AWS Management Console
Disable IPv6 in the AWS Management Console
  1. To disable IPv6 in the EKS Pod Identity Agent, add the following configuration to the Optional configuration settings of the EKS Add-on.

    1. Open the Amazon EKS console at https://console.aws.amazon.com/eks/home#/clusters.

    2. In the left navigation pane, select Clusters, and then select the name of the cluster that you want to configure the add-on for.

    3. Choose the Add-ons tab.

    4. Select the box in the top right of the EKS Pod Identity Agent add-on box and then choose Edit.

    5. On the Configure EKS Pod Identity Agent page:

      1. Select the Version that you'd like to use. We recommend that you keep the same version as the previous step, and update the version and configuration in separate actions.

      2. Expand the Optional configuration settings.

      3. Enter the JSON key "agent": and value of a nested JSON object with a key "additionalArgs": in Configuration values. The resulting text must be a valid JSON object. If this key and value are the only data in the text box, surround the key and value with curly braces {}. The following example shows network policy is enabled:

        { "agent": { "additionalArgs": { "-b": "169.254.170.23" } } }

        This configuration sets the IPv4 address to be the only address used by the agent.

    6. To apply the new configuration by replacing the EKS Pod Identity Agent pods, choose Save changes.

      Amazon EKS applies changes to the EKS Add-ons by using a rollout of the Kubernetes DaemonSet for EKS Pod Identity Agent. You can track the status of the rollout in the Update history of the add-on in the AWS Management Console and with kubectl rollout status daemonset/eks-pod-identity-agent --namespace kube-system.

      kubectl rollout has the following commands:

      $ kubectl rollout history -- View rollout history pause -- Mark the provided resource as paused restart -- Restart a resource resume -- Resume a paused resource status -- Show the status of the rollout undo -- Undo a previous rollout

      If the rollout takes too long, Amazon EKS will undo the rollout, and a message with the type of Addon Update and a status of Failed will be added to the Update history of the add-on. To investigate any issues, start from the history of the rollout, and run kubectl logs on a EKS Pod Identity Agent pod to see the logs of EKS Pod Identity Agent.

  2. If the new entry in the Update history has a status of Successful, then the rollout has completed and the add-on is using the new configuration in all of the EKS Pod Identity Agent pods.

AWS CLI
Disable IPv6 in the AWS CLI
  • To disable IPv6 in the EKS Pod Identity Agent, add the following configuration to the configuration values of the EKS Add-on.

    Run the following AWS CLI command. Replace my-cluster with the name of your cluster and the IAM role ARN with the role that you are using.

    aws eks update-addon --cluster-name my-cluster --addon-name eks-pod-identity-agent \ --resolve-conflicts PRESERVE --configuration-values '{"agent":{"additionalArgs": { "-b": "169.254.170.23"}}}'

    This configuration sets the IPv4 address to be the only address used by the agent.

    Amazon EKS applies changes to the EKS Add-ons by using a rollout of the Kubernetes DaemonSet for EKS Pod Identity Agent. You can track the status of the rollout in the Update history of the add-on in the AWS Management Console and with kubectl rollout status daemonset/eks-pod-identity-agent --namespace kube-system.

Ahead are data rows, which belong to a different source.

lemma T_kernel_weighted_ennreal_le:
  assumes "2 \<le> \<bar>\<xi>\<bar>" "\<eta> \<noteq> 0" "\<eta> \<noteq> \<xi>" "0 \<le> u" "0 \<le> v"
    and "0 \<le> s" "0 \<le> \<epsilon>" "0 \<le> \<sigma>" "1 + \<epsilon> \<le> 2 * \<sigma>"
  shows "ennreal (japan \<xi> powr (s + \<epsilon>) * (T_kernel \<sigma> \<xi> \<eta> * u * v)) \<le> ennreal (2 powr (2 * s + \<epsilon>)) *
      (ennreal (near_zero_weight \<sigma> \<eta> * u) * ennreal (japan (\<xi> - \<eta>) powr s * v)
     + ennreal (japan \<eta> powr s * u) * ennreal (near_zero_weight \<sigma> (\<xi> - \<eta>) * v)
     + (ennreal (tail_weight (\<sigma> + s) \<eta>) + ennreal (tail_weight (\<sigma> + s) (\<xi> - \<eta>)))
       * ennreal (japan \<eta> powr s * u) * ennreal (japan (\<xi> - \<eta>) powr s * v))"
proof -
  define w g where "w = near_zero_weight \<sigma>" and "g = tail_weight (\<sigma> + s)"
  have "0 \<le> w x" "0 \<le> g x" for x
    by (simp_all add: w_def g_def near_zero_weight_nonneg tail_weight_nonneg)
  have "japan \<xi> powr (s + \<epsilon>) * T_kernel \<sigma> \<xi> \<eta> * (u * v)
      \<le> 2 powr (2 * s + \<epsilon>) * (w \<eta> * japan (\<xi> - \<eta>) powr s + w (\<xi> - \<eta>) * japan \<eta> powr s
         + (g \<eta> + g (\<xi> - \<eta>)) * (japan \<eta> * japan (\<xi> - \<eta>)) powr s) * (u * v)"
    unfolding w_def g_def using assms by (intro mult_right_mono T_kernel_weighted_le) simp_all
  then have "ennreal (japan \<xi> powr (s + \<epsilon>) * (T_kernel \<sigma> \<xi> \<eta> * u * v))
      \<le> ennreal (2 powr (2 * s + \<epsilon>) * (w \<eta> * u * (japan (\<xi> - \<eta>) powr s * v)
         + japan \<eta> powr s * u * (w (\<xi> - \<eta>) * v)
         + (g \<eta> + g (\<xi> - \<eta>)) * (japan \<eta> powr s * u) * (japan (\<xi> - \<eta>) powr s * v)))"
    by (intro ennreal_leI) (simp add: powr_mult algebra_simps)
  also have "\<dots> = ennreal (2 powr (2 * s + \<epsilon>)) *
      (ennreal (w \<eta> * u) * ennreal (japan (\<xi> - \<eta>) powr s * v)
     + ennreal (japan \<eta> powr s * u) * ennreal (w (\<xi> - \<eta>) * v)
     + (ennreal (g \<eta>) + ennreal (g (\<xi> - \<eta>))) * ennreal (japan \<eta> powr s * u) * ennreal (japan (\<xi> - \<eta>) powr s * v))"
    using \<open>0 \<le> u\<close> \<open>0 \<le> v\<close> \<open>\<And>x. 0 \<le> w x\<close> \<open>\<And>x. 0 \<le> g x\<close> by (simp add: ennreal_mult)
  finally show ?thesis
    unfolding w_def g_def .
qed

section \<open>Estimates for the bilinear operator\<close>

lemma sob_int_eq_square: "sob_int r f = (\<integral>\<^sup>+x. (ennreal (japan x powr r * cmod (f x)))\<^sup>2 \<partial>lborel)"
  unfolding sob_int_def
proof (intro nn_integral_cong)
  fix x
  have "japan x powr (2 * r) = (japan x powr r)\<^sup>2"
    by (simp add: power2_eq_square flip: powr_add)
  then show "ennreal (japan x powr (2 * r) * (cmod (f x))\<^sup>2) = (ennreal (japan x powr r * cmod (f x)))\<^sup>2"
    by (simp add: ennreal_power power_mult_distrib)
qed

lemma sob_int_zero: "sob_int 0 f = (\<integral>\<^sup>+x. (ennreal (cmod (f x)))\<^sup>2 \<partial>lborel)"
  by (simp add: sob_int_eq_square)

lemma sob_int_mono:
  assumes "r \<le> r'"
  shows "sob_int r f \<le> sob_int r' f"
  unfolding sob_int_def
  using assms by (intro nn_integral_mono ennreal_leI mult_right_mono powr_mono) (auto simp: one_le_japan)

lemma T_sigma_measurable [measurable]:
  assumes [measurable]: "f1 \<in> borel_measurable borel" "f2 \<in> borel_measurable borel"
  shows "T_sigma \<sigma> f1 f2 \<in> borel_measurable borel"
  unfolding T_sigma_def kdv_phase_def
  by (rule lborel.borel_measurable_lebesgue_integral) measurable

lemma norm_T_sigma_le:
  "ennreal (cmod (T_sigma \<sigma> f1 f2 \<xi>))
    \<le> (\<integral>\<^sup>+\<eta>. ennreal (T_kernel \<sigma> \<xi> \<eta> * cmod (f1 \<eta>) * cmod (f2 (\<xi> - \<eta>))) \<partial>lborel)"
proof -
  define g where "g \<eta> = complex_of_real (\<xi> / japan (kdv_phase \<xi> \<eta> (\<xi> - \<eta>)) powr \<sigma>) * f1 \<eta> * f2 (\<xi> - \<eta>)" for \<eta>
  have "norm (g \<eta>) = T_kernel \<sigma> \<xi> \<eta> * cmod (f1 \<eta>) * cmod (f2 (\<xi> - \<eta>))" for \<eta>
    unfolding g_def norm_mult norm_of_real by (simp add: T_kernel_def)
  moreover have "ennreal (norm (integral\<^sup>L lborel g)) \<le> (\<integral>\<^sup>+\<eta>. norm (g \<eta>) \<partial>lborel)"
    by (cases "integrable lborel g") (simp_all add: integral_norm_bound_ennreal not_integrable_integral_eq)
  moreover have "T_sigma \<sigma> f1 f2 \<xi> = integral\<^sup>L lborel g"
    unfolding T_sigma_def g_def ..
  ultimately show ?thesis
    by simp
qed

lemma norm_T_sigma_square_le:
  assumes [measurable]: "f1 \<in> borel_measurable borel" "f2 \<in> borel_measurable borel" and "0 \<le> \<sigma>"
  shows "(ennreal (cmod (T_sigma \<sigma> f1 f2 \<xi>)))\<^sup>2 \<le> ennreal (\<xi>\<^sup>2) * (sob_int 0 f1 * sob_int 0 f2)"
proof -
  have "ennreal (cmod (T_sigma \<sigma> f1 f2 \<xi>))
      \<le> (\<integral>\<^sup>+\<eta>. ennreal \<bar>\<xi>\<bar> * (ennreal (cmod (f1 \<eta>)) * ennreal (cmod (f2 (\<xi> - \<eta>)))) \<partial>lborel)"
    using norm_T_sigma_le
  proof (rule order_trans, intro nn_integral_mono)
    fix \<eta>
    show "ennreal (T_kernel \<sigma> \<xi> \<eta> * cmod (f1 \<eta>) * cmod (f2 (\<xi> - \<eta>)))
        \<le> ennreal \<bar>\<xi>\<bar> * (ennreal (cmod (f1 \<eta>)) * ennreal (cmod (f2 (\<xi> - \<eta>))))"
      using T_kernel_le_abs[OF \<open>0 \<le> \<sigma>\<close>]
      by (simp add: ennreal_mult'[symmetric] mult.assoc mult_right_mono ennreal_leI)
  qed
  also have "\<dots> = ennreal \<bar>\<xi>\<bar> * (\<integral>\<^sup>+\<eta>. ennreal (cmod (f1 \<eta>)) * ennreal (cmod (f2 (\<xi> - \<eta>))) \<partial>lborel)"
    by (rule nn_integral_cmult) measurable
  finally have "(ennreal (cmod (T_sigma \<sigma> f1 f2 \<xi>)))\<^sup>2
      \<le> (ennreal \<bar>\<xi>\<bar>)\<^sup>2 * (\<integral>\<^sup>+\<eta>. ennreal (cmod (f1 \<eta>)) * ennreal (cmod (f2 (\<xi> - \<eta>))) \<partial>lborel)\<^sup>2"
    by (simp add: power_mono flip: power_mult_distrib)
  also have "\<dots> \<le> ennreal (\<xi>\<^sup>2) * (sob_int 0 f1 * sob_int 0 f2)"
    unfolding sob_int_zero ennreal_power[OF abs_ge_zero, of \<xi> 2, simplified]
    by (intro mult_left_mono Cauchy_Schwarz_convolution) simp_all
  finally show ?thesis .
qed

lemma sob_int_T_sigma_low:
  assumes [measurable]: "f1 \<in> borel_measurable borel" "f2 \<in> borel_measurable borel"
    and "0 \<le> \<sigma>" "0 \<le> r"
  shows "(\<integral>\<^sup>+\<xi>\<in>{-2<..<2}. (ennreal (japan \<xi> powr r * cmod (T_sigma \<sigma> f1 f2 \<xi>)))\<^sup>2 \<partial>lborel)
      \<le> ennreal (4 * (2 * 3 powr r)\<^sup>2) * (sob_int 0 f1 * sob_int 0 f2)"
proof -
  define S where "S = sob_int 0 f1 * sob_int 0 f2"
  have "(ennreal (japan \<xi> powr r * cmod (T_sigma \<sigma> f1 f2 \<xi>)))\<^sup>2 \<le> ennreal ((2 * 3 powr r)\<^sup>2) * S"
    if "\<xi> \<in> {-2<..<2}" for \<xi>
  proof -
    have "japan \<xi> powr r * \<bar>\<xi>\<bar> \<le> 3 powr r * 2"
      using that japan_le_one_plus_abs[of \<xi>] \<open>0 \<le> r\<close>
      by (intro mult_mono powr_mono2) auto
    then have "(japan \<xi> powr r * \<bar>\<xi>\<bar>)\<^sup>2 \<le> (2 * 3 powr r)\<^sup>2"
      by (intro power_mono) (simp_all add: mult.commute)
    have "(ennreal (japan \<xi> powr r * cmod (T_sigma \<sigma> f1 f2 \<xi>)))\<^sup>2
        = ennreal ((japan \<xi> powr r)\<^sup>2) * (ennreal (cmod (T_sigma \<sigma> f1 f2 \<xi>)))\<^sup>2"
      by (simp add: ennreal_mult power_mult_distrib ennreal_power)
    also have "\<dots> \<le> ennreal ((japan \<xi> powr r)\<^sup>2) * (ennreal (\<xi>\<^sup>2) * S)"
      unfolding S_def using \<open>0 \<le> \<sigma>\<close> by (intro mult_left_mono norm_T_sigma_square_le) simp_all
    also have "\<dots> = ennreal ((japan \<xi> powr r * \<bar>\<xi>\<bar>)\<^sup>2) * S"
      by (simp add: ennreal_mult power_mult_distrib mult.assoc)
    also have "\<dots> \<le> ennreal ((2 * 3 powr r)\<^sup>2) * S"
      using \<open>(japan \<xi> powr r * \<bar>\<xi>\<bar>)\<^sup>2 \<le> _\<close> by (intro mult_right_mono ennreal_leI) simp_all
    finally show ?thesis .
  qed
  then have "(\<integral>\<^sup>+\<xi>\<in>{-2<..<2}. (ennreal (japan \<xi> powr r * cmod (T_sigma \<sigma> f1 f2 \<xi>)))\<^sup>2 \<partial>lborel)
      \<le> (\<integral>\<^sup>+\<xi>\<in>{-2<..<2::real}. ennreal ((2 * 3 powr r)\<^sup>2) * S \<partial>lborel)"
    by (intro nn_integral_mono) (simp split: split_indicator)
  also have "\<dots> = ennreal ((2 * 3 powr r)\<^sup>2) * S * 4"
    by (subst nn_integral_cmult_indicator) auto
  also have "\<dots> = ennreal (4 * (2 * 3 powr r)\<^sup>2) * S"
    using ennreal_mult[of 4 "(2 * 3 powr r)\<^sup>2"] by (simp add: mult_ac)
  finally show ?thesis
    unfolding S_def .
qed

lemma T_sigma_high_pointwise:
  assumes [measurable]: "f1 \<in> borel_measurable borel" "f2 \<in> borel_measurable borel"
    and "2 \<le> \<bar>\<xi>\<bar>" "0 \<le> s" "0 \<le> \<epsilon>" "0 \<le> \<sigma>" "1 + \<epsilon> \<le> 2 * \<sigma>"
  shows "ennreal (japan \<xi> powr (s + \<epsilon>) * cmod (T_sigma \<sigma> f1 f2 \<xi>)) \<le> ennreal (2 powr (2 * s + \<epsilon>)) *
      ((\<integral>\<^sup>+\<eta>. ennreal (near_zero_weight \<sigma> \<eta> * cmod (f1 \<eta>))
               * ennreal (japan (\<xi> - \<eta>) powr s * cmod (f2 (\<xi> - \<eta>))) \<partial>lborel)
     + (\<integral>\<^sup>+\<eta>. ennreal (japan \<eta> powr s * cmod (f1 \<eta>))
               * ennreal (near_zero_weight \<sigma> (\<xi> - \<eta>) * cmod (f2 (\<xi> - \<eta>))) \<partial>lborel)
     + (\<integral>\<^sup>+\<eta>. (ennreal (tail_weight (\<sigma> + s) \<eta>) + ennreal (tail_weight (\<sigma> + s) (\<xi> - \<eta>)))
               * ennreal (japan \<eta> powr s * cmod (f1 \<eta>))
               * ennreal (japan (\<xi> - \<eta>) powr s * cmod (f2 (\<xi> - \<eta>))) \<partial>lborel))"
    (is "_ \<le> ennreal ?c * (?X + ?Y + ?Z)")
proof -
  have ae: "AE \<eta> in lborel. \<eta> \<noteq> 0 \<and> \<eta> \<noteq> \<xi>"
    using AE_lborel_singleton[of 0] AE_lborel_singleton[of \<xi>] by eventually_elim simp
  have "ennreal (japan \<xi> powr (s + \<epsilon>) * cmod (T_sigma \<sigma> f1 f2 \<xi>))
      \<le> ennreal (japan \<xi> powr (s + \<epsilon>))
        * (\<integral>\<^sup>+\<eta>. ennreal (T_kernel \<sigma> \<xi> \<eta> * cmod (f1 \<eta>) * cmod (f2 (\<xi> - \<eta>))) \<partial>lborel)"
    by (simp add: ennreal_mult mult_left_mono norm_T_sigma_le)
  also have "\<dots> = (\<integral>\<^sup>+\<eta>. ennreal (japan \<xi> powr (s + \<epsilon>)
        * (T_kernel \<sigma> \<xi> \<eta> * cmod (f1 \<eta>) * cmod (f2 (\<xi> - \<eta>)))) \<partial>lborel)"
    by (simp add: ennreal_mult T_kernel_nonneg nn_integral_cmult[symmetric])
  also have "\<dots> \<le> (\<integral>\<^sup>+\<eta>. ennreal ?c * (ennreal (near_zero_weight \<sigma> \<eta> * cmod (f1 \<eta>))
               * ennreal (japan (\<xi> - \<eta>) powr s * cmod (f2 (\<xi> - \<eta>)))
     + ennreal (japan \<eta> powr s * cmod (f1 \<eta>)) * ennreal (near_zero_weight \<sigma> (\<xi> - \<eta>) * cmod (f2 (\<xi> - \<eta>)))
     + (ennreal (tail_weight (\<sigma> + s) \<eta>) + ennreal (tail_weight (\<sigma> + s) (\<xi> - \<eta>)))
               * ennreal (japan \<eta> powr s * cmod (f1 \<eta>))
               * ennreal (japan (\<xi> - \<eta>) powr s * cmod (f2 (\<xi> - \<eta>)))) \<partial>lborel)"
    by (rule nn_integral_mono_AE, rule AE_mp[OF ae AE_I2])
      (use assms in \<open>auto intro!: T_kernel_weighted_ennreal_le\<close>)
  also have "\<dots> = ennreal ?c * (?X + ?Y + ?Z)"
    by (simp add: nn_integral_cmult nn_integral_add)
  finally show ?thesis .
qed

lemma sob_int_T_sigma_high:
  assumes [measurable]: "f1 \<in> borel_measurable borel" "f2 \<in> borel_measurable borel"
    and "0 \<le> s" "0 \<le> \<epsilon>" "0 \<le> \<sigma>" "1 + \<epsilon> \<le> 2 * \<sigma>"
  shows "(\<integral>\<^sup>+\<xi>\<in>{\<xi>. 2 \<le> \<bar>\<xi>\<bar>}. (ennreal (japan \<xi> powr (s + \<epsilon>) * cmod (T_sigma \<sigma> f1 f2 \<xi>)))\<^sup>2 \<partial>lborel)
    \<le> ennreal ((2 powr (2 * s + \<epsilon>))\<^sup>2) *
      (4 * ((\<integral>\<^sup>+x. ennreal (near_zero_weight \<sigma> x * cmod (f1 x)) \<partial>lborel)\<^sup>2 * sob_int s f2
      + (\<integral>\<^sup>+x. ennreal (near_zero_weight \<sigma> x * cmod (f2 x)) \<partial>lborel)\<^sup>2 * sob_int s f1
      + 4 * (\<integral>\<^sup>+x. (ennreal (tail_weight (\<sigma> + s) x))\<^sup>2 \<partial>lborel) * (sob_int s f1 * sob_int s f2)))"
proof -
  define c where "c = 2 powr (2 * s + \<epsilon>)"
  define a1 a2 where "a1 \<eta> = ennreal (japan \<eta> powr s * cmod (f1 \<eta>))"
    and "a2 \<eta> = ennreal (japan \<eta> powr s * cmod (f2 \<eta>))" for \<eta>
  define b1 b2 where "b1 \<eta> = ennreal (near_zero_weight \<sigma> \<eta> * cmod (f1 \<eta>))"
    and "b2 \<eta> = ennreal (near_zero_weight \<sigma> \<eta> * cmod (f2 \<eta>))" for \<eta>
  define g where "g \<eta> = ennreal (tail_weight (\<sigma> + s) \<eta>)" for \<eta>
  have [measurable]: "a1 \<in> borel_measurable borel" "a2 \<in> borel_measurable borel"
    "b1 \<in> borel_measurable borel" "b2 \<in> borel_measurable borel" "g \<in> borel_measurable borel"
    unfolding a1_def a2_def b1_def b2_def g_def by measurable
  have "(\<integral>\<^sup>+\<xi>\<in>{\<xi>. 2 \<le> \<bar>\<xi>\<bar>}. (ennreal (japan \<xi> powr (s + \<epsilon>) * cmod (T_sigma \<sigma> f1 f2 \<xi>)))\<^sup>2 \<partial>lborel)
      \<le> (\<integral>\<^sup>+\<xi>. (ennreal c * ((\<integral>\<^sup>+\<eta>. b1 \<eta> * a2 (\<xi> - \<eta>) \<partial>lborel) + (\<integral>\<^sup>+\<eta>. a1 \<eta> * b2 (\<xi> - \<eta>) \<partial>lborel)
           + (\<integral>\<^sup>+\<eta>. (g \<eta> + g (\<xi> - \<eta>)) * a1 \<eta> * a2 (\<xi> - \<eta>) \<partial>lborel)))\<^sup>2 \<partial>lborel)"
    unfolding c_def a1_def a2_def b1_def b2_def g_def using assms
    by (intro nn_integral_mono) (auto split: split_indicator intro!: power_mono T_sigma_high_pointwise)
  also have "\<dots> = ennreal (c\<^sup>2) * (\<integral>\<^sup>+\<xi>. ((\<integral>\<^sup>+\<eta>. b1 \<eta> * a2 (\<xi> - \<eta>) \<partial>lborel) + (\<integral>\<^sup>+\<eta>. a1 \<eta> * b2 (\<xi> - \<eta>) \<partial>lborel)
           + (\<integral>\<^sup>+\<eta>. (g \<eta> + g (\<xi> - \<eta>)) * a1 \<eta> * a2 (\<xi> - \<eta>) \<partial>lborel))\<^sup>2 \<partial>lborel)"
    by (simp add: power_mult_distrib ennreal_power c_def nn_integral_cmult)
  also have "\<dots> \<le> ennreal (c\<^sup>2) * (4 * ((\<integral>\<^sup>+x. b1 x \<partial>lborel)\<^sup>2 * sob_int s f2
      + (\<integral>\<^sup>+x. b2 x \<partial>lborel)\<^sup>2 * sob_int s f1 + 4 * (\<integral>\<^sup>+x. (g x)\<^sup>2 \<partial>lborel) * (sob_int s f1 * sob_int s f2)))"
    unfolding sob_int_eq_square a1_def[symmetric] a2_def[symmetric]
    by (intro mult_left_mono three_convolutions_L2_le) simp_all
  finally show ?thesis
    unfolding c_def b1_def b2_def g_def .
qed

    kubectl rollout has the following commands:

    kubectl rollout history -- View rollout history pause -- Mark the provided resource as paused restart -- Restart a resource resume -- Resume a paused resource status -- Show the status of the rollout undo -- Undo a previous rollout

    If the rollout takes too long, Amazon EKS will undo the rollout, and a message with the type of Addon Update and a status of Failed will be added to the Update history of the add-on. To investigate any issues, start from the history of the rollout, and run kubectl logs on a EKS Pod Identity Agent pod to see the logs of EKS Pod Identity Agent.